[Data entries]
______
lemma pair_measure_in_couplings:
  fixes \<mu> \<nu> :: "'a::euclidean_space measure"
  assumes "prob_space \<mu>" "prob_space \<nu>"
    and sets_\<mu>: "sets \<mu> = sets borel" and sets_\<nu>: "sets \<nu> = sets borel"
  shows "\<mu> \<Otimes>\<^sub>M \<nu> \<in> couplings \<mu> \<nu>"
proof -
  interpret pair_prob_space \<mu> \<nu>
    using assms by (simp add: pair_prob_space_def pair_sigma_finite_def prob_space_imp_sigma_finite)
  have "distr (\<mu> \<Otimes>\<^sub>M \<nu>) borel fst = distr (\<mu> \<Otimes>\<^sub>M \<nu>) \<mu> fst"
    by (rule distr_cong) (auto simp: sets_\<mu>)
  moreover have "distr (\<mu> \<Otimes>\<^sub>M \<nu>) borel snd = distr (\<nu> \<Otimes>\<^sub>M \<mu>) \<nu> fst"
  proof -
    have "distr (\<mu> \<Otimes>\<^sub>M \<nu>) borel snd = distr (\<mu> \<Otimes>\<^sub>M \<nu>) \<nu> snd"
      by (rule distr_cong) (auto simp: sets_\<nu>)
    also have "\<dots> = distr (distr (\<nu> \<Otimes>\<^sub>M \<mu>) (\<mu> \<Otimes>\<^sub>M \<nu>) (\<lambda>(x, y). (y, x))) \<nu> snd"
      by (simp add: distr_pair_swap[symmetric])
    also have "\<dots> = distr (\<nu> \<Otimes>\<^sub>M \<mu>) \<nu> fst"
      by (subst distr_distr) (auto simp: comp_def case_prod_beta)
    finally show ?thesis .
  qed
  ultimately show ?thesis
    unfolding couplings_def
    using prob_space_axioms sets_pair_measure_cong[OF sets_\<mu> sets_\<nu>]
    by (simp add: M1.distr_pair_fst M2.distr_pair_fst)
qed

lemma integrable_of_quadratic_growth:
  fixes \<mu> :: "'a::euclidean_space measure" and f :: "'a \<Rightarrow> real"
  assumes "prob_space \<mu>" and sets_\<mu>: "sets \<mu> = sets borel" and "AE z in \<mu>. z \<in> X"
    and moment: "(\<integral>\<^sup>+ z. ennreal ((norm z)\<^sup>2) \<partial>\<mu>) \<le> ennreal m" and "m \<ge> 0"
    and f: "f \<in> borel_measurable borel"
    and growth: "\<And>z. z \<in> X \<Longrightarrow> \<bar>f z\<bar> \<le> A + B * (norm z)\<^sup>2" and "B \<ge> 0"
  shows "integrable \<mu> f" and "\<bar>integral\<^sup>L \<mu> f\<bar> \<le> A + B * m"
proof -
  interpret prob_space \<mu> by fact
  have [measurable]: "f \<in> borel_measurable \<mu>" "(\<lambda>z. (norm z)\<^sup>2) \<in> borel_measurable \<mu>"
    using f by (simp_all add: measurable_cong_sets[OF sets_\<mu> refl])
  have "(\<integral>\<^sup>+ z. ennreal ((norm z)\<^sup>2) \<partial>\<mu>) < \<infinity>"
    using moment by (simp add: le_less_trans)
  then have sq: "integrable \<mu> (\<lambda>z. (norm z)\<^sup>2)"
    by (intro integrableI_bounded) simp_all
  have "ennreal (\<integral>z. (norm z)\<^sup>2 \<partial>\<mu>) \<le> ennreal m"
    using moment by (simp add: nn_integral_eq_integral[OF sq, symmetric])
  then have sq_le: "(\<integral>z. (norm z)\<^sup>2 \<partial>\<mu>) \<le> m"
    using \<open>m \<ge> 0\<close> by simp
  have dom: "integrable \<mu> (\<lambda>z. A + B * (norm z)\<^sup>2)"
    using sq by simp
  have le_dom: "AE z in \<mu>. \<bar>f z\<bar> \<le> A + B * (norm z)\<^sup>2"
    using \<open>AE z in \<mu>. z \<in> X\<close> by eventually_elim (rule growth)
  show f_int: "integrable \<mu> f"
    by (rule Bochner_Integration.integrable_bound[OF dom]) (use le_dom in \<open>auto elim: AE_mp\<close>)
  have "\<bar>integral\<^sup>L \<mu> f\<bar> \<le> (\<integral>z. \<bar>f z\<bar> \<partial>\<mu>)"
    by (rule integral_abs_bound)
  also have "\<dots> \<le> (\<integral>z. A + B * (norm z)\<^sup>2 \<partial>\<mu>)"
    using f_int dom le_dom by (intro integral_mono_AE) auto
  also have "\<dots> = A + B * (\<integral>z. (norm z)\<^sup>2 \<partial>\<mu>)"
    using sq by (simp add: prob_space)
  also have "\<dots> \<le> A + B * m"
    using sq_le \<open>B \<ge> 0\<close> by (simp add: mult_left_mono)
  finally show "\<bar>integral\<^sup>L \<mu> f\<bar> \<le> A + B * m" .
qed

lemma nn_integral_coupling_transport_cost_finite:
  fixes \<mu> \<nu> :: "'a::euclidean_space measure"
  assumes \<gamma>: "\<gamma> \<in> couplings \<mu> \<nu>"
    and "(\<integral>\<^sup>+ z. ennreal ((norm z)\<^sup>2) \<partial>\<mu>) < \<infinity>" "(\<integral>\<^sup>+ z. ennreal ((norm z)\<^sup>2) \<partial>\<nu>) < \<infinity>"
  shows "(\<integral>\<^sup>+ p. ennreal ((norm (fst p - snd p))\<^sup>2) \<partial>\<gamma>) < \<infinity>"
proof -
  have meas: "(\<lambda>p::'a \<times> 'a. ennreal ((norm (fst p))\<^sup>2)) \<in> borel_measurable \<gamma>"
    "(\<lambda>p::'a \<times> 'a. ennreal ((norm (snd p))\<^sup>2)) \<in> borel_measurable \<gamma>"
    by (simp_all add: measurable_cong_sets[OF couplingsD(2)[OF \<gamma>] refl])
  have norm_sq: "(\<lambda>z::'a. ennreal ((norm z)\<^sup>2)) \<in> borel_measurable borel"
    by measurable
  have "(\<integral>\<^sup>+ p. ennreal ((norm (fst p - snd p))\<^sup>2) \<partial>\<gamma>)
      \<le> (\<integral>\<^sup>+ p. 2 * ennreal ((norm (fst p))\<^sup>2) + 2 * ennreal ((norm (snd p))\<^sup>2) \<partial>\<gamma>)"
  proof (rule nn_integral_mono)
    fix p :: "'a \<times> 'a"
    have "(norm (fst p - snd p))\<^sup>2 \<le> (norm (fst p) + norm (snd p))\<^sup>2"
      by (intro power_mono norm_triangle_ineq4) simp
    also have "\<dots> \<le> 2 * (norm (fst p))\<^sup>2 + 2 * (norm (snd p))\<^sup>2"
      by (smt (verit) power2_sum zero_le_power2 power2_diff)
    finally have "ennreal ((norm (fst p - snd p))\<^sup>2)
        \<le> ennreal (2 * (norm (fst p))\<^sup>2 + 2 * (norm (snd p))\<^sup>2)"
      by (rule ennreal_leI)
    then show "ennreal ((norm (fst p - snd p))\<^sup>2)
        \<le> 2 * ennreal ((norm (fst p))\<^sup>2) + 2 * ennreal ((norm (snd p))\<^sup>2)"
      by (simp add: ennreal_mult)
  qed
  also have "\<dots> = 2 * (\<integral>\<^sup>+ z. ennreal ((norm z)\<^sup>2) \<partial>\<mu>) + 2 * (\<integral>\<^sup>+ z. ennreal ((norm z)\<^sup>2) \<partial>\<nu>)"
    using meas by (simp add: nn_integral_add nn_integral_cmult nn_integral_coupling[OF \<gamma> norm_sq])
  also have "\<dots> < \<infinity>"
    using assms(2,3) by (simp add: ennreal_mult_less_top)
  finally show ?thesis .
qed

(* W2 is sqrt (enn2real INF ...) and enn2real maps infinity to 0, so a coupling of finite cost
   is needed to exclude the junk value W2 = 0. *)
lemma le_W2I:
  fixes \<mu> \<nu> :: "'a::euclidean_space measure"
  assumes bound: "\<And>\<gamma>. \<gamma> \<in> couplings \<mu> \<nu> \<Longrightarrow>
      ennreal (D\<^sup>2) \<le> ennreal C * (\<integral>\<^sup>+ p. ennreal ((norm (fst p - snd p))\<^sup>2) \<partial>\<gamma>)"
    and "\<gamma>\<^sub>0 \<in> couplings \<mu> \<nu>" and "(\<integral>\<^sup>+ p. ennreal ((norm (fst p - snd p))\<^sup>2) \<partial>\<gamma>\<^sub>0) < \<infinity>"
    and "C > 0" and "D \<ge> 0"
  shows "D \<le> sqrt C * W2 \<mu> \<nu>"
proof -
  define J where "J = (INF \<gamma>\<in>couplings \<mu> \<nu>. \<integral>\<^sup>+ p. ennreal ((norm (fst p - snd p))\<^sup>2) \<partial>\<gamma>)"
  have "ennreal (D\<^sup>2 / C) \<le> J"
    unfolding J_def
  proof (rule INF_greatest)
    fix \<gamma> assume "\<gamma> \<in> couplings \<mu> \<nu>"
    then have "ennreal (D\<^sup>2) / ennreal C
        \<le> (\<integral>\<^sup>+ p. ennreal ((norm (fst p - snd p))\<^sup>2) \<partial>\<gamma>) * ennreal C / ennreal C"
      by (metis bound divide_right_mono_ennreal mult.commute)
    then show "ennreal (D\<^sup>2 / C) \<le> (\<integral>\<^sup>+ p. ennreal ((norm (fst p - snd p))\<^sup>2) \<partial>\<gamma>)"
      using \<open>C > 0\<close> by (simp add: divide_ennreal ennreal_mult_divide_eq)
  qed
  moreover have "J < \<infinity>"
    unfolding J_def using assms(2,3) by (meson INF_lower le_less_trans)
  ultimately have "enn2real (ennreal (D\<^sup>2 / C)) \<le> enn2real J"
    by (metis enn2real_mono infinity_ennreal_def)
  then have "D\<^sup>2 / C \<le> enn2real J"
    using \<open>C > 0\<close> by simp
  then have "D\<^sup>2 \<le> (sqrt C * sqrt (enn2real J))\<^sup>2"
    using \<open>C > 0\<close> by (simp add: power_mult_distrib divide_le_eq mult.commute)
  then show ?thesis
    unfolding W2_def J_def[symmetric] by (rule power2_le_imp_le) (use \<open>C > 0\<close> in simp)
qed

lemma nn_integral_coupling_affine_norm_sq_le:
  fixes \<mu> \<nu> :: "'a::euclidean_space measure"
  assumes \<gamma>: "\<gamma> \<in> couplings \<mu> \<nu>"
    and "(\<integral>\<^sup>+ z. ennreal ((norm z)\<^sup>2) \<partial>\<mu>) \<le> ennreal m"
    and "(\<integral>\<^sup>+ z. ennreal ((norm z)\<^sup>2) \<partial>\<nu>) \<le> ennreal m"
    and "m \<ge> 0"
  shows "(\<integral>\<^sup>+ p. ennreal ((a + norm (fst p) + norm (snd p))\<^sup>2) \<partial>\<gamma>) \<le> ennreal (2 * a\<^sup>2 + 8 * m)"
proof -
  have norm_sq: "(\<lambda>z::'a. ennreal ((norm z)\<^sup>2)) \<in> borel_measurable borel"
    by measurable
  have meas: "(\<lambda>p::'a \<times> 'a. ennreal ((norm (fst p))\<^sup>2)) \<in> borel_measurable \<gamma>"
    "(\<lambda>p::'a \<times> 'a. ennreal ((norm (snd p))\<^sup>2)) \<in> borel_measurable \<gamma>"
    by (simp_all add: measurable_cong_sets[OF couplingsD(2)[OF \<gamma>] refl])
  interpret prob_space \<gamma>
    using couplingsD(1)[OF \<gamma>] .
  have "(\<integral>\<^sup>+ p. ennreal ((a + norm (fst p) + norm (snd p))\<^sup>2) \<partial>\<gamma>)
      \<le> (\<integral>\<^sup>+ p. ennreal (2 * a\<^sup>2) + 4 * ennreal ((norm (fst p))\<^sup>2) + 4 * ennreal ((norm (snd p))\<^sup>2) \<partial>\<gamma>)"
  proof (rule nn_integral_mono)
    fix p :: "'a \<times> 'a"
    have "(a + norm (fst p) + norm (snd p))\<^sup>2 \<le> 2 * a\<^sup>2 + 4 * (norm (fst p))\<^sup>2 + 4 * (norm (snd p))\<^sup>2"
      by (smt (verit) sum_squares_bound power2_sum zero_le_power2 power2_diff)
    then have "ennreal ((a + norm (fst p) + norm (snd p))\<^sup>2)
        \<le> ennreal (2 * a\<^sup>2 + 4 * (norm (fst p))\<^sup>2 + 4 * (norm (snd p))\<^sup>2)"
      by (rule ennreal_leI)
    then show "ennreal ((a + norm (fst p) + norm (snd p))\<^sup>2)
        \<le> ennreal (2 * a\<^sup>2) + 4 * ennreal ((norm (fst p))\<^sup>2) + 4 * ennreal ((norm (snd p))\<^sup>2)"
      by (simp add: ennreal_mult)
  qed
  also have "\<dots> = ennreal (2 * a\<^sup>2) + 4 * (\<integral>\<^sup>+ z. ennreal ((norm z)\<^sup>2) \<partial>\<mu>)
      + 4 * (\<integral>\<^sup>+ z. ennreal ((norm z)\<^sup>2) \<partial>\<nu>)"
    using meas by (simp add: nn_integral_add nn_integral_cmult nn_integral_coupling[OF \<gamma> norm_sq]
        emeasure_space_1)
  also have "\<dots> \<le> ennreal (2 * a\<^sup>2) + 4 * ennreal m + 4 * ennreal m"
    using assms(2,3) by (intro add_mono mult_left_mono) auto
  also have "\<dots> = ennreal (2 * a\<^sup>2 + 8 * m)"
    using \<open>m \<ge> 0\<close> by (simp add: ennreal_mult flip: distrib_right)
  finally show ?thesis .
qed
______
[WHAT THE TASK ASKS] Please copy the lines above from the line with "by (simp add: M1.distr_pair_fst" up to and including the line with "z)\<^sup>2 \<partial>\<mu>) \<le> ennreal", exactly as written and with nothing else.

[REPLY TO THE TASK]
    by (simp add: M1.distr_pair_fst M2.distr_pair_fst)
qed

lemma integrable_of_quadratic_growth:
  fixes \<mu> :: "'a::euclidean_space measure" and f :: "'a \<Rightarrow> real"
  assumes "prob_space \<mu>" and sets_\<mu>: "sets \<mu> = sets borel" and "AE z in \<mu>. z \<in> X"
    and moment: "(\<integral>\<^sup>+ z. ennreal ((norm z)\<^sup>2) \<partial>\<mu>) \<le> ennreal m" and "m \<ge> 0"
    and f: "f \<in> borel_measurable borel"
    and growth: "\<And>z. z \<in> X \<Longrightarrow> \<bar>f z\<bar> \<le> A + B * (norm z)\<^sup>2" and "B \<ge> 0"
  shows "integrable \<mu> f" and "\<bar>integral\<^sup>L \<mu> f\<bar> \<le> A + B * m"
proof -
  interpret prob_space \<mu> by fact
  have [measurable]: "f \<in> borel_measurable \<mu>" "(\<lambda>z. (norm z)\<^sup>2) \<in> borel_measurable \<mu>"
    using f by (simp_all add: measurable_cong_sets[OF sets_\<mu> refl])
  have "(\<integral>\<^sup>+ z. ennreal ((norm z)\<^sup>2) \<partial>\<mu>) < \<infinity>"
    using moment by (simp add: le_less_trans)
  then have sq: "integrable \<mu> (\<lambda>z. (norm z)\<^sup>2)"
    by (intro integrableI_bounded) simp_all
  have "ennreal (\<integral>z. (norm z)\<^sup>2 \<partial>\<mu>) \<le> ennreal m"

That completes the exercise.